This is worth understanding, because the technical setup is genuinely not hard.

The defaults are wrong. Most mail providers auto-generate an SPF record with ~all. Most DNS providers don't prompt you to add a DMARC record. Most registrars don't mention authentication during domain setup. The path of least resistance leads to a weak configuration.

The coordination problem is real but overused as an excuse. The argument goes: if I enforce strictly, I might break legitimate forwarded mail, so I'll wait for everyone else to upgrade first. But everyone waits. The result is collective inaction dressed up as prudence.

The pain falls on others. If your domain gets spoofed in a phishing campaign, the victims suffer — not you. The cost of doing nothing is externalized. That's a broken incentive structure, and it's why voluntary adoption has been slow.
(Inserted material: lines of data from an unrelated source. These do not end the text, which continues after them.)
lemma ennexp_ennreal [simp]: "0 \<le> x \<Longrightarrow> ennexp (ennreal x) = ennreal (exp x)"
  by (simp add: ennexp_def)

lemma borel_measurable_ennexp [measurable]: "ennexp \<in> borel_measurable borel"
  unfolding ennexp_def by measurable

lemma le_ennexp: "x \<le> ennexp x"
  by (cases x) (auto simp: ennexp_def intro!: ennreal_leI order_trans[OF _ exp_ge_add_one_self])

lemma exp_neg_ereal_diff_le_ennexp: "exp_neg_ereal (enn2ereal P - enn2ereal N) \<le> ennexp N"
proof (cases N)
  case (real n)
  then show ?thesis
    by (cases P) (auto simp: exp_neg_ereal_def ennexp_def intro!: ennreal_leI)
qed (simp add: ennexp_def)

text \<open>The tangent line \<open>exp x \<ge> exp m (1 + x - m)\<close>, rearranged to avoid subtraction.\<close>
lemma ennexp_tangent:
  assumes "0 \<le> m"
  shows "ennreal (exp m) * (1 + x) \<le> ennexp x + ennreal (exp m * m)"
proof (cases x)
  case (real r)
  have "exp m * (1 + (r - m)) \<le> exp m * exp (r - m)"
    by (intro mult_left_mono exp_ge_add_one_self) auto
  then have "exp m * (1 + r) \<le> exp r + exp m * m"
    by (simp add: exp_diff algebra_simps)
  then have "ennreal (exp m * (1 + r)) \<le> ennreal (exp r) + ennreal (exp m * m)"
    using real assms by (simp add: ennreal_plus[symmetric] del: ennreal_plus)
  moreover have "ennreal (exp m * (1 + r)) = ennreal (exp m) * (1 + x)"
    using real by (simp add: ennreal_mult)
  ultimately show ?thesis
    using real by simp
qed (simp add: ennexp_def)

text \<open>Jensen's inequality for \<open>exp\<close> and the probability measure \<open>M/\<beta>\<close>.\<close>
lemma ennexp_nn_integral_le:
  assumes g [measurable]: "g \<in> borel_measurable M"
    and mass: "emeasure M (space M) = ennreal \<beta>" and "0 < \<beta>"
  shows "ennreal \<beta> * ennexp (\<integral>\<^sup>+ x. g x \<partial>M) \<le> (\<integral>\<^sup>+ x. ennexp (ennreal \<beta> * g x) \<partial>M)"
proof (cases "(\<integral>\<^sup>+ x. g x \<partial>M) = \<infinity>")
  case True
  have "\<infinity> = (\<integral>\<^sup>+ x. ennreal \<beta> * g x \<partial>M)"
    using True \<open>0 < \<beta>\<close> by (simp add: nn_integral_cmult)
  also have "\<dots> \<le> (\<integral>\<^sup>+ x. ennexp (ennreal \<beta> * g x) \<partial>M)"
    by (intro nn_integral_mono le_ennexp)
  finally show ?thesis
    by (simp add: top_unique)
next
  case False
  then obtain m where m: "(\<integral>\<^sup>+ x. g x \<partial>M) = ennreal m" "0 \<le> m"
    by (cases "\<integral>\<^sup>+ x. g x \<partial>M") auto
  have "ennreal (exp m * \<beta>) + ennreal (exp m * m * \<beta>)
      = ennreal (exp m) * (ennreal \<beta> + ennreal \<beta> * ennreal m)"
    using m \<open>0 < \<beta>\<close> by (simp add: distrib_left ennreal_mult mult_ac)
  also have "\<dots> = (\<integral>\<^sup>+ x. ennreal (exp m) * (1 + ennreal \<beta> * g x) \<partial>M)"
    using m by (simp add: nn_integral_cmult nn_integral_add mass)
  also have "\<dots> \<le> (\<integral>\<^sup>+ x. ennexp (ennreal \<beta> * g x) + ennreal (exp m * m) \<partial>M)"
    by (intro nn_integral_mono ennexp_tangent m(2))
  also have "\<dots> = (\<integral>\<^sup>+ x. ennexp (ennreal \<beta> * g x) \<partial>M) + ennreal (exp m * m * \<beta>)"
    using m \<open>0 < \<beta>\<close> by (simp add: nn_integral_add mass ennreal_mult)
  finally have "ennreal (exp m * \<beta>) \<le> (\<integral>\<^sup>+ x. ennexp (ennreal \<beta> * g x) \<partial>M)"
    by (simp add: add.commute[of _ "ennreal (exp m * m * \<beta>)"])
  then show ?thesis
    using m \<open>0 < \<beta>\<close> by (simp add: ennreal_mult mult.commute)
qed

text \<open>The value \<open>\<infinity>\<close> at \<open>s = 0\<close> dominates the singularity of the potential at a point of
  the graph; it is harmless because it occupies a null set of \<open>t\<close>.\<close>
definition horizontal_kernel :: "real \<Rightarrow> real \<Rightarrow> ennreal" where
  "horizontal_kernel \<beta> s = (if s = 0 then \<infinity> else ennreal (1 + \<bar>s\<bar> powr - \<beta>))"

lemma borel_measurable_horizontal_kernel [measurable]:
  "horizontal_kernel \<beta> \<in> borel_measurable borel"
  unfolding horizontal_kernel_def by measurable

lemma ennexp_log_dist_le_horizontal_kernel:
  fixes z \<zeta> :: complex
  assumes "0 \<le> \<beta>"
  shows "ennexp (ennreal \<beta> * (if \<zeta> = z then \<infinity> else ennreal (max 0 (- ln (cmod (z - \<zeta>))))))
    \<le> horizontal_kernel \<beta> (Re z - Re \<zeta>)"
proof (cases "Re z = Re \<zeta>")
  case False
  then have "\<zeta> \<noteq> z" by auto
  define r where "r = cmod (z - \<zeta>)"
  define s where "s = \<bar>Re z - Re \<zeta>\<bar>"
  have "0 < s" "s \<le> r"
    using False abs_Re_le_cmod[of "z - \<zeta>"] by (auto simp: r_def s_def)
  have "exp (\<beta> * max 0 (- ln r)) \<le> 1 + exp (\<beta> * - ln r)"
    by (cases "0 \<le> - ln r") (auto simp: max_def)
  also have "exp (\<beta> * - ln r) = r powr - \<beta>"
    using \<open>0 < s\<close> \<open>s \<le> r\<close> by (simp add: powr_def)
  also have "r powr - \<beta> \<le> s powr - \<beta>"
    using assms \<open>0 < s\<close> \<open>s \<le> r\<close> by (intro powr_mono2') auto
  finally have "exp (\<beta> * max 0 (- ln r)) \<le> 1 + s powr - \<beta>" by simp
  then have "ennreal (exp (\<beta> * max 0 (- ln r))) \<le> ennreal (1 + s powr - \<beta>)"
    by (rule ennreal_leI)
  then show ?thesis
    using False \<open>\<zeta> \<noteq> z\<close> assms
    by (simp add: horizontal_kernel_def r_def s_def ennreal_mult[symmetric])
qed (simp add: horizontal_kernel_def)

lemma exp_neg_log_potential_le:
  fixes \<mu> :: "complex measure"
  assumes sets: "sets \<mu> = sets borel" and mass: "emeasure \<mu> UNIV = ennreal \<beta>" and "0 < \<beta>"
  shows "exp_neg_ereal (log_potential \<mu> z)
    \<le> ennreal (1 / \<beta>) * (\<integral>\<^sup>+ \<zeta>. horizontal_kernel \<beta> (Re z - Re \<zeta>) \<partial>\<mu>)"
proof -
  define G where "G \<zeta> = (if \<zeta> = z then \<infinity> else ennreal (max 0 (- ln (cmod (z - \<zeta>)))))" for \<zeta>
  have "G \<in> borel_measurable \<mu>"
    unfolding measurable_cong_sets[OF sets refl] G_def by measurable
  have "exp_neg_ereal (log_potential \<mu> z) \<le> ennexp (\<integral>\<^sup>+ \<zeta>. G \<zeta> \<partial>\<mu>)"
    unfolding log_potential_def G_def by (rule exp_neg_ereal_diff_le_ennexp)
  also have "\<dots> = ennreal (1 / \<beta>) * (ennreal \<beta> * ennexp (\<integral>\<^sup>+ \<zeta>. G \<zeta> \<partial>\<mu>))"
    using \<open>0 < \<beta>\<close> by (simp add: mult.assoc[symmetric] ennreal_mult[symmetric])
  also have "\<dots> \<le> ennreal (1 / \<beta>) * (\<integral>\<^sup>+ \<zeta>. ennexp (ennreal \<beta> * G \<zeta>) \<partial>\<mu>)"
    using sets_eq_imp_space_eq[OF sets] mass \<open>0 < \<beta>\<close> \<open>G \<in> borel_measurable \<mu>\<close>
    by (intro mult_left_mono ennexp_nn_integral_le) auto
  also have "\<dots> \<le> ennreal (1 / \<beta>) * (\<integral>\<^sup>+ \<zeta>. horizontal_kernel \<beta> (Re z - Re \<zeta>) \<partial>\<mu>)"
    unfolding G_def using \<open>0 < \<beta>\<close>
    by (intro mult_left_mono nn_integral_mono ennexp_log_dist_le_horizontal_kernel) auto
  finally show ?thesis .
qed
The big players have leverage they haven't fully used. Google and Microsoft together handle a majority of the world's email. Their 2024 mandate requiring DKIM and DMARC for bulk senders moved more domains into compliance than a decade of documentation. But they stopped at p=none — monitoring only. Extending that requirement to enforcement would change the ecosystem overnight.

A Real-World Configuration: Cloudflare

Here's what a correct, strongly enforced configuration looks like for a domain using Cloudflare for DNS. The mail provider is irrelevant — these records are the same regardless of who hosts your mail.

DNS Records Required

SPF (TXT record at @):

v=spf1 include:_spf.example.com -all

Your mail provider's documentation will give you the correct include: value. Whatever they recommend for the rest of the record, the -all at the end is your decision — use it.

DKIM (TXT record — your provider gives you this):

selector._domainkey.yourdomain.com  →  v=DKIM1; h=sha256; k=rsa; p=[your public key]

Your provider generates and manages your DKIM key. They'll give you the exact record to add. Copy it exactly as provided.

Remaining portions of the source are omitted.